INPUT:

(* Put c = \<zeta> n and X = B\<^sup>2. The terms of R are tr (X\<^sup>k) / c\<^sup>k for k \<ge> 1, and since \<rho>(X) < c the
   powers (X/c)\<^sup>k decay geometrically, so with W = (c I - X)\<^sup>-\<^sup>1 the partial sums telescope to
   tr (W X) = tr (X W). For the bound, expand tr (W X) = \<Sum>\<^sub>i \<langle>v\<^sub>i, W X v\<^sub>i\<rangle> in an orthonormal
   eigenbasis v\<^sub>i of X\<^sup>T X: by Cauchy-Schwarz each term is at most
   \<parallel>W\<parallel> \<parallel>X v\<^sub>i\<parallel> = \<sigma>\<^sub>i(X) / \<sigma>\<^sub>n(c I - X).
   The eigenbasis comes from the spectral theorem for Hermitian matrices, proved by extending an
   orthonormal list of eigenvectors one vector at a time. *)

abbreviation cmat :: "real mat \<Rightarrow> complex mat" where
  "cmat X \<equiv> map_mat complex_of_real X"

lemma scalar_prod_sum_lessThan: "v \<bullet> w = (\<Sum>i<dim_vec w. v $ i * w $ i)"
  unfolding scalar_prod_def by (simp add: atLeast0LessThan)

lemma index_mult_mat_sum:
  "i < dim_row A \<Longrightarrow> j < dim_col B \<Longrightarrow> dim_col A = dim_row B \<Longrightarrow>
   (A * B) $$ (i, j) = (\<Sum>k<dim_row B. A $$ (i, k) * B $$ (k, j))"
  by (simp add: scalar_prod_sum_lessThan)

section \<open>Complex inner product and adjoint\<close>

definition cinner :: "complex vec \<Rightarrow> complex vec \<Rightarrow> complex" where
  "cinner u v = (\<Sum>a<dim_vec v. cnj (u $ a) * v $ a)"

definition cnorm :: "complex vec \<Rightarrow> real" where
  "cnorm v = L2_set (\<lambda>a. cmod (v $ a)) {..<dim_vec v}"

lemma cnorm_nonneg: "cnorm v \<ge> 0"
  unfolding cnorm_def by simp

lemma of_real_cmod_square: "complex_of_real (cmod z ^ 2) = cnj z * z"
  by (metis complex_norm_square mult.commute)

WHAT YOU NEED TO DO:
Output, exactly and in full, the lines from the start of the entries above through the line that contains "v = (\<Sum>a<dim_vec".

TASK SOLUTION:
(* Put c = \<zeta> n and X = B\<^sup>2. The terms of R are tr (X\<^sup>k) / c\<^sup>k for k \<ge> 1, and since \<rho>(X) < c the
   powers (X/c)\<^sup>k decay geometrically, so with W = (c I - X)\<^sup>-\<^sup>1 the partial sums telescope to
   tr (W X) = tr (X W). For the bound, expand tr (W X) = \<Sum>\<^sub>i \<langle>v\<^sub>i, W X v\<^sub>i\<rangle> in an orthonormal
   eigenbasis v\<^sub>i of X\<^sup>T X: by Cauchy-Schwarz each term is at most
   \<parallel>W\<parallel> \<parallel>X v\<^sub>i\<parallel> = \<sigma>\<^sub>i(X) / \<sigma>\<^sub>n(c I - X).
   The eigenbasis comes from the spectral theorem for Hermitian matrices, proved by extending an
   orthonormal list of eigenvectors one vector at a time. *)

abbreviation cmat :: "real mat \<Rightarrow> complex mat" where
  "cmat X \<equiv> map_mat complex_of_real X"

lemma scalar_prod_sum_lessThan: "v \<bullet> w = (\<Sum>i<dim_vec w. v $ i * w $ i)"
  unfolding scalar_prod_def by (simp add: atLeast0LessThan)

lemma index_mult_mat_sum:
  "i < dim_row A \<Longrightarrow> j < dim_col B \<Longrightarrow> dim_col A = dim_row B \<Longrightarrow>
   (A * B) $$ (i, j) = (\<Sum>k<dim_row B. A $$ (i, k) * B $$ (k, j))"
  by (simp add: scalar_prod_sum_lessThan)

section \<open>Complex inner product and adjoint\<close>

definition cinner :: "complex vec \<Rightarrow> complex vec \<Rightarrow> complex" where
  "cinner u v = (\<Sum>a<dim_vec v. cnj (u $ a) * v $ a)"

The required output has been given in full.